Truvada’s efficacy has been tested in a number of studies and the results have been encouraging. Truvada as part of a combined treatment with another antiretroviral was able to reduce viral burdens to undetectable levels in 87% of the Truvada group vs 65% in the other group. PrEP treatment patients who took four or more doses a week were 100% protected over a 72 week period with an estimated 0-1.06 HIV incidence in this population. This means that if 10,000 people adhered to the dose schedule for a year between 0-106 people would contract HIV. Participants who took fewer doses were at higher risk. Another study indicated a 92% risk reduction in patients who had Truvada in their systems. Neither study indicated “risk compensation”, eg decreased condom use, increased risky behavior, among the participants however there was a decrease in adherence to the drug regimen which is problematic if left unaddressed in public health measure. However a third study suggests that intermittent dosing may counter problems with adherence to treatment. Side effects in these studies were minimal. Scientists disagree as to how much to trust the 99% reduction estimate, but agree that the data is promising.

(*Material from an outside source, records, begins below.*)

(* Let $(G,X,\Gamma)$ be a $(\mu,\nu)$-path system group containing a $\delta$-constricting element $(g,A)$. There exist $\theta\ge1$ and an integer $M\in[1,\theta]$ such that for every $u\in G$ the following are equivalent: (I) $u\in E(g,A)$; (II) there exists $p\in\{-1,1\}$ with $ug^Mu^{-1}=g^{pM}$; (III) there exist $m,n\in\mathbb Z\setminus\{0\}$ with $ug^mu^{-1}=g^n$. Moreover, setting $E^+(g,A)=\{u\in G: ug^Mu^{-1}=g^M\}$, we have $[E(g,A):E^+(g,A)]\le2$.
   Context: A path is a rectifiable continuous map $\alpha\colon[a,b]\to X$ parametrised by arc length; it is a $(\kappa,\lambda)$-quasi-geodesic if $d(\alpha(t),\alpha(t'))\le|t-t'|\le\kappa d(\alpha(t),\alpha(t'))+\lambda$. A $(\mu,\nu)$-path system group $(G,X,\Gamma)$ is a group $G$ acting properly by isometries on a geodesic metric space $X$ together with a $G$-invariant collection $\Gamma$ of paths closed under subpaths, such that any two points are joined by an element of $\Gamma$ and every element is a $(\mu,\nu)$-quasi-geodesic. A map $\pi_A\colon X\to A$ is $\delta$-constricting if (CS1) $d(x,\pi_A(x))\le\delta$ for $x\in A$, and (CS2) for all $x,y\in X$ and $\gamma\in\Gamma$ joining them, if $d(\pi_A(x),\pi_A(y))>\delta$ then $\gamma$ meets $B_X(\pi_A(x),\delta)$ and $B_X(\pi_A(y),\delta)$. An element $g$ is $\delta$-constricting, written $(g,A)$, if it has infinite order and $A$ is a $\langle g\rangle$-invariant subset admitting a $\delta$-constricting map, on which $\langle g\rangle$ acts $\delta$-coboundedly. The elementary closure is $E(g,A)=\{u\in G: d_{Haus}(uA,A)<\infty\}$, $d_{Haus}$ denoting Hausdorff distance. *)

theory Defs
  imports "HOL-Analysis.Analysis" "HOL-Algebra.Algebra"
begin

text \<open>A path is represented by a triple (a, b, alpha) with alpha :: real => X,
  only its values on the interval [a,b] being relevant.\<close>

type_synonym 'x rpath = "real \<times> real \<times> (real \<Rightarrow> 'x)"

definition geodesic_space :: "'x::metric_space itself \<Rightarrow> bool" where
  "geodesic_space _ \<longleftrightarrow>
     (\<forall>x y::'x. \<exists>\<gamma>::real \<Rightarrow> 'x. \<gamma> 0 = x \<and> \<gamma> (dist x y) = y \<and>
        (\<forall>s\<in>{0..dist x y}. \<forall>t\<in>{0..dist x y}. dist (\<gamma> s) (\<gamma> t) = \<bar>s - t\<bar>))"

definition curve_length :: "(real \<Rightarrow> 'x::metric_space) \<Rightarrow> real \<Rightarrow> real \<Rightarrow> ereal" where
  "curve_length \<alpha> a b =
     (SUP ts \<in> {ts. sorted ts \<and> set ts \<subseteq> {a..b}}.
        ereal (\<Sum>i<length ts - 1. dist (\<alpha> (ts ! i)) (\<alpha> (ts ! Suc i))))"

definition is_path :: "'x::metric_space rpath \<Rightarrow> bool" where
  "is_path p \<longleftrightarrow> (case p of (a, b, \<alpha>) \<Rightarrow>
     a \<le> b \<and> continuous_on {a..b} \<alpha> \<and> curve_length \<alpha> a b < \<infinity> \<and>
     (\<forall>s t. a \<le> s \<and> s \<le> t \<and> t \<le> b \<longrightarrow> curve_length \<alpha> s t = ereal (t - s)))"

definition quasi_geodesic :: "real \<Rightarrow> real \<Rightarrow> 'x::metric_space rpath \<Rightarrow> bool" where
  "quasi_geodesic \<kappa> lam p \<longleftrightarrow> is_path p \<and> (case p of (a, b, \<alpha>) \<Rightarrow>
     (\<forall>t\<in>{a..b}. \<forall>t'\<in>{a..b}. dist (\<alpha> t) (\<alpha> t') \<le> \<bar>t - t'\<bar> \<and>
        \<bar>t - t'\<bar> \<le> \<kappa> * dist (\<alpha> t) (\<alpha> t') + lam))"

definition isometric_action :: "('g, 'b) monoid_scheme \<Rightarrow> ('g \<Rightarrow> 'x::metric_space \<Rightarrow> 'x) \<Rightarrow> bool" where
  "isometric_action G \<phi> \<longleftrightarrow> group G \<and>
     (\<forall>g\<in>carrier G. \<forall>x y. dist (\<phi> g x) (\<phi> g y) = dist x y) \<and>
     (\<forall>x. \<phi> \<one>\<^bsub>G\<^esub> x = x) \<and>
     (\<forall>g\<in>carrier G. \<forall>h\<in>carrier G. \<forall>x. \<phi> (g \<otimes>\<^bsub>G\<^esub> h) x = \<phi> g (\<phi> h x))"

definition proper_action :: "('g, 'b) monoid_scheme \<Rightarrow> ('g \<Rightarrow> 'x::metric_space \<Rightarrow> 'x) \<Rightarrow> bool" where
  "proper_action G \<phi> \<longleftrightarrow> (\<forall>x r. finite {g \<in> carrier G. dist x (\<phi> g x) \<le> r})"

definition path_system_group ::
  "real \<Rightarrow> real \<Rightarrow> ('g, 'b) monoid_scheme \<Rightarrow> ('g \<Rightarrow> 'x::metric_space \<Rightarrow> 'x) \<Rightarrow> 'x rpath set \<Rightarrow> bool" where
  "path_system_group \<mu> \<nu> G \<phi> \<Gamma> \<longleftrightarrow>
     geodesic_space TYPE('x) \<and> isometric_action G \<phi> \<and> proper_action G \<phi> \<and>
     (\<forall>a b \<alpha> g. (a, b, \<alpha>) \<in> \<Gamma> \<and> g \<in> carrier G \<longrightarrow> (a, b, \<phi> g \<circ> \<alpha>) \<in> \<Gamma>) \<and>
     (\<forall>a b \<alpha> c d. (a, b, \<alpha>) \<in> \<Gamma> \<and> a \<le> c \<and> c \<le> d \<and> d \<le> b \<longrightarrow> (c, d, \<alpha>) \<in> \<Gamma>) \<and>
     (\<forall>x y. \<exists>a b \<alpha>. (a, b, \<alpha>) \<in> \<Gamma> \<and> \<alpha> a = x \<and> \<alpha> b = y) \<and>
     (\<forall>p\<in>\<Gamma>. quasi_geodesic \<mu> \<nu> p)"
lemma supported_on_dderiv:
  assumes "\<And>m v. P m \<Longrightarrow> v \<in> Poly_Mapping.keys m \<Longrightarrow>
      P (m - Poly_Mapping.single v 1 + Poly_Mapping.single (d v) 1)"
    and "supported_on P p"
  shows "supported_on P (dderiv d p)"
  unfolding dderiv_def
proof (intro supported_on_sum supported_on_single)
  fix m v assume "m \<in> Poly_Mapping.keys p" "v \<in> Poly_Mapping.keys m"
  then show "P (m - Poly_Mapping.single v 1 + Poly_Mapping.single (d v) 1)"
    using assms unfolding supported_on_def by blast
qed

lemma funpow_diff:
  fixes f :: "'a::ab_group_add \<Rightarrow> 'a"
  assumes "\<And>p r. f (p - r) = f p - f r"
  shows "(f ^^ k) (p - r) = (f ^^ k) p - (f ^^ k) r"
  by (induction k) (simp_all add: assms)

lemma funpow_delta1_diff: "(delta1 ^^ k) (p - r) = (delta1 ^^ k) p - (delta1 ^^ k) r"
  by (rule funpow_diff) (simp add: delta1_def dderiv_diff)

lemma funpow_delta2_diff: "(delta2 ^^ k) (p - r) = (delta2 ^^ k) p - (delta2 ^^ k) r"
  by (rule funpow_diff) (simp add: delta2_def dderiv_diff)

lemma funpow_delta1_V: "(delta1 ^^ k) (V (y, a, b)) = (V (y, a + k, b) :: 'a::comm_ring_1 dpoly)"
  by (induction k) (auto simp: delta1_def dderiv_V sh1_def)

lemma funpow_delta2_V: "(delta2 ^^ k) (V (y, a, b)) = (V (y, a, b + k) :: 'a::comm_ring_1 dpoly)"
  by (induction k) (auto simp: delta2_def dderiv_V sh2_def)

subsection \<open>Null monomials and the ideal J\<close>

fun null_var :: "dvar \<Rightarrow> bool" where
  "null_var (X1, a, b) \<longleftrightarrow> 0 < b"
| "null_var (X2, a, b) \<longleftrightarrow> 0 < a"
| "null_var (Q i, a, b) \<longleftrightarrow> False"

definition null_monom :: "(dvar \<Rightarrow>\<^sub>0 nat) \<Rightarrow> bool" where
  "null_monom m \<longleftrightarrow> (\<exists>v\<in>Poly_Mapping.keys m. null_var v)"

abbreviation null_supported :: "'a::comm_ring_1 dpoly \<Rightarrow> bool" where
  "null_supported \<equiv> supported_on null_monom"

definition allowed_monom :: "nat \<Rightarrow> (dvar \<Rightarrow>\<^sub>0 nat) \<Rightarrow> bool" where
  "allowed_monom n m \<longleftrightarrow> (\<forall>v\<in>Poly_Mapping.keys m. allowed_var n v)"

lemma A_carrier_eq: "A_carrier n = {p. supported_on (allowed_monom n) p}"
  unfolding A_carrier_def supported_on_def allowed_monom_def by simp

lemma null_monom_add: "null_monom m2 \<Longrightarrow> null_monom (m1 + m2)"
  unfolding null_monom_def by (auto simp: in_keys_iff lookup_add)

lemma null_supported_mult: "null_supported p \<Longrightarrow> null_supported (r * p)"
  by (rule supported_on_mult[of "\<lambda>_. True" null_monom]) (auto simp: supported_on_def intro: null_monom_add)

lemma null_monom_shift:
  assumes "null_monom m" "v \<in> Poly_Mapping.keys m" "\<And>u. null_var u \<Longrightarrow> null_var (d u)"
  shows "null_monom (m - Poly_Mapping.single v 1 + Poly_Mapping.single (d v) 1)"
proof -
  obtain u where u: "u \<in> Poly_Mapping.keys m" "null_var u"
    using assms(1) null_monom_def by blast
  show ?thesis
  proof (cases "u = v")
    case True
    then have "d v \<in> Poly_Mapping.keys (m - Poly_Mapping.single v 1 + Poly_Mapping.single (d v) 1)"
      by (auto simp: in_keys_iff lookup_add lookup_minus lookup_single when_def)
    then show ?thesis using assms(3) u True unfolding null_monom_def by blast
  next
    case False
    then have "u \<in> Poly_Mapping.keys (m - Poly_Mapping.single v 1 + Poly_Mapping.single (d v) 1)"
      using u(1) by (auto simp: in_keys_iff lookup_add lookup_minus lookup_single when_def)
    then show ?thesis using u unfolding null_monom_def by blast
  qed
qed

lemma allowed_monom_shift:
  assumes "allowed_monom n m" "v \<in> Poly_Mapping.keys m" "fst (d v) = fst v"
  shows "allowed_monom n (m - Poly_Mapping.single v 1 + Poly_Mapping.single (d v) 1)"
proof -
  have "Poly_Mapping.keys (m - Poly_Mapping.single v 1 + Poly_Mapping.single (d v) 1)
        \<subseteq> Poly_Mapping.keys m \<union> {d v}"
    by (auto simp: in_keys_iff lookup_add lookup_minus lookup_single when_def split: if_splits)
  moreover have "allowed_var n (d v)"
    using assms unfolding allowed_monom_def allowed_var_def by auto
  ultimately show ?thesis using assms(1) unfolding allowed_monom_def by blast
qed
(* Let $q$ be a prime power, $r\mid(q-1)$ with $r\ge 3$, and $q/2\le\ell\le q-1$. The quantum Tamo–Barg code $\mathrm{CSS}(C,C)$ with parameters $q,r,\ell$ is a quantum locally recoverable code with locality $r$.
   Context: $[n]=\{0,\dots,n-1\}$, $\mathbb{F}_q^*=\mathbb{F}_q\setminus\{0\}$. For $S\subseteq\mathbb{Z}_{\ge0}$, $\mathbb{F}_q[X]^S=\{\sum_{i\in S}a_iX^i\}$, $\mathrm{ev}(f)=(f(x))_{x\in\mathbb{F}_q^*}$. Let $S=\{i\in[\ell]:i\not\equiv r-1\pmod r\}\cup\{i\in[q-1]:i\equiv1\pmod r\}$, $C=\mathrm{ev}(\mathbb{F}_q[X]^S)$; for $\ell\ge q/2$, $C^\perp\subseteq C$ and the quantum Tamo–Barg code is $\mathrm{CSS}(C,C)=\mathrm{span}\{\sum_{y\in C^\perp}|x+y\rangle:x\in C\}\subseteq(\mathbb{C}^q)^{\otimes(q-1)}$, with qudits indexed by $\mathbb{F}_q^*$. A quantum code $\mathcal{C}$ on qudit set $Q$ is locally recoverable with locality $r$ if for each $i\in Q$ there is $I_i\subseteq Q$ with $i\in I_i$, $|I_i|\le r$, and a quantum channel $\mathrm{Rec}_i$ from the qudits $I_i\setminus\{i\}$ to the qudits $I_i$ such that $(\mathrm{Rec}_i\otimes\mathrm{id})(\psi_{Q\setminus\{i\}})=\psi$ for every code state $\psi$ (here $\psi_B$ is the reduced density matrix on $B$). *)

theory Defs
  imports Complex_Main "HOL-Computational_Algebra.Polynomial"
begin

definition qudits :: "'a::zero set" where
  "qudits = {x. x \<noteq> 0}"

(* Computational basis labels of a set B of qudits: assignments B -> F_q,
   represented as functions that vanish outside B. *)
definition configs :: "'a set \<Rightarrow> ('a \<Rightarrow> 'b::zero) set" where
  "configs B = {f. \<forall>x. x \<notin> B \<longrightarrow> f x = 0}"

definition restr :: "('a \<Rightarrow> 'b::zero) \<Rightarrow> 'a set \<Rightarrow> 'a \<Rightarrow> 'b" where
  "restr f B = (\<lambda>x. if x \<in> B then f x else 0)"

(* Operators (matrices) on qudit subsystems, indexed by basis labels. *)
type_synonym 'a qop = "('a \<Rightarrow> 'a) \<Rightarrow> ('a \<Rightarrow> 'a) \<Rightarrow> complex"

(* Reduced density matrix: partial trace of an operator on A down to B \<subseteq> A
   (tracing out A - B). *)
definition ptrace :: "'a set \<Rightarrow> 'a set \<Rightarrow> ('a::zero) qop \<Rightarrow> 'a qop" where
  "ptrace A B \<rho> = (\<lambda>u v. \<Sum>w\<in>configs (A - B).
      \<rho> (\<lambda>x. if x \<in> B then u x else w x) (\<lambda>x. if x \<in> B then v x else w x))"

definition TB_S :: "nat \<Rightarrow> nat \<Rightarrow> nat \<Rightarrow> nat set" where
  "TB_S q r l = {i. i < l \<and> i mod r \<noteq> r - 1} \<union> {i. i < q - 1 \<and> i mod r = 1}"

definition ev :: "'a::field poly \<Rightarrow> 'a \<Rightarrow> 'a" where
  "ev p = (\<lambda>x. if x \<noteq> 0 then poly p x else 0)"

definition TB_code :: "nat \<Rightarrow> nat \<Rightarrow> ('a::{finite,field} \<Rightarrow> 'a) set" where
  "TB_code r l = ev ` {p. \<forall>i. coeff p i \<noteq> 0 \<longrightarrow> i \<in> TB_S (card (UNIV :: 'a set)) r l}"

Where does that leave us? We now have a drug that looks spectacularly promising as an preventative measure for HIV and as an antiretroviral for use in combined therapies. The side effects are minimal because the active ingredients of Truvada target reverse transcriptase, which is not part of human cellular machinery, leaving patients with few side effects. Truvada’s efficacy is not completely clear but it looks like regular users will have 90% or higher reduced risk of contracting HIV. So what’s stopping us from using this drug? Several stories, including this one, have talked about the shame and stigma surrounding HIV infection, unprotected sex and the way this will disrupt the normalizing, pro-LGBT messages to the mainstream. Others have raised questions about whether this will come under attack by the Hobby Lobby decision. Lots of these objections ring like reproductive health arguments against “promiscuous women” and “sluts” and should be treated similarly. I think it’s fairly uncontroversial to say that nobody deserves to be infected with HIV, regardless of their sexual preferences. With condoms and Truveda we stand a good chance of cutting the legs out from under HIV infection. It would be an act of folly to let our shame get in the way.